**TASK OBJECTIVE:** Your output must match the records exactly, line for line.

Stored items
lemma penrose_exists:
  fixes A :: "real mat"
  assumes A: "A \<in> carrier_mat m n"
  shows "\<exists>G. penrose A G"
proof -
  obtain X where Xc: "X \<in> carrier_mat n m" and AXA: "A * X * A = A" and sX: "(A * X)\<^sup>T = A * X"
    using exists_inverse_13[OF A] by auto
  obtain Z where Zc: "Z \<in> carrier_mat n m" and AZA: "A * Z * A = A" and sZ: "(Z * A)\<^sup>T = Z * A"
    using exists_inverse_14[OF A] by auto
  have d: "dim_row A = m" "dim_col A = n" "dim_row X = n" "dim_col X = m" "dim_row Z = n" "dim_col Z = m"
    using A Xc Zc by auto
  \<comment> \<open>the product of a \{1,4\}-inverse, \<open>A\<close> and a \{1,3\}-inverse satisfies all four equations\<close>
  define G where "G = Z * A * X"
  have "G \<in> carrier_mat n m" unfolding G_def using d by auto
  moreover have "A * G * A = A"
  proof -
    have "A * G * A = (A * Z * A) * X * A" unfolding G_def using d by (simp add: mult_assoc_dims)
    then show ?thesis unfolding AZA AXA .
  qed
  moreover have "G * A * G = G"
  proof -
    have "G * A * G = Z * (A * X * A) * Z * A * X" unfolding G_def using d by (simp add: mult_assoc_dims)
    also have "\<dots> = Z * (A * Z * A) * X" unfolding AXA using d by (simp add: mult_assoc_dims)
    finally show ?thesis unfolding AZA G_def .
  qed
  moreover have "A * G = A * X"
  proof -
    have "A * G = (A * Z * A) * X" unfolding G_def using d by (simp add: mult_assoc_dims)
    then show ?thesis unfolding AZA .
  qed
  moreover have "G * A = Z * A"
  proof -
    have "G * A = Z * (A * X * A)" unfolding G_def using d by (simp add: mult_assoc_dims)
    then show ?thesis unfolding AXA .
  qed
  ultimately have "penrose A G" unfolding penrose_def using sX sZ d by simp
  then show ?thesis ..
qed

**SOLUTION TO THE EXERCISE:**
lemma penrose_exists:
  fixes A :: "real mat"
  assumes A: "A \<in> carrier_mat m n"
  shows "\<exists>G. penrose A G"
proof -
  obtain X where Xc: "X \<in> carrier_mat n m" and AXA: "A * X * A = A" and sX: "(A * X)\<^sup>T = A * X"
    using exists_inverse_13[OF A] by auto
  obtain Z where Zc: "Z \<in> carrier_mat n m" and AZA: "A * Z * A = A" and sZ: "(Z * A)\<^sup>T = Z * A"
    using exists_inverse_14[OF A] by auto
  have d: "dim_row A = m" "dim_col A = n" "dim_row X = n" "dim_col X = m" "dim_row Z = n" "dim_col Z = m"
    using A Xc Zc by auto
  \<comment> \<open>the product of a \{1,4\}-inverse, \<open>A\<close> and a \{1,3\}-inverse satisfies all four equations\<close>
  define G where "G = Z * A * X"
  have "G \<in> carrier_mat n m" unfolding G_def using d by auto
  moreover have "A * G * A = A"
  proof -
    have "A * G * A = (A * Z * A) * X * A" unfolding G_def using d by (simp add: mult_assoc_dims)
    then show ?thesis unfolding AZA AXA .
  qed
  moreover have "G * A * G = G"
  proof -
    have "G * A * G = Z * (A * X * A) * Z * A * X" unfolding G_def using d by (simp add: mult_assoc_dims)
    also have "\<dots> = Z * (A * Z * A) * X" unfolding AXA using d by (simp add: mult_assoc_dims)
    finally show ?thesis unfolding AZA G_def .
  qed
  moreover have "A * G = A * X"
  proof -
    have "A * G = (A * Z * A) * X" unfolding G_def using d by (simp add: mult_assoc_dims)
    then show ?thesis unfolding AZA .
  qed
  moreover have "G * A = Z * A"
  proof -
    have "G * A = Z * (A * X * A)" unfolding G_def using d by (simp add: mult_assoc_dims)
    then show ?thesis unfolding AXA .
  qed
  ultimately have "penrose A G" unfolding penrose_def using sX sZ d by simp
  then show ?thesis ..
qed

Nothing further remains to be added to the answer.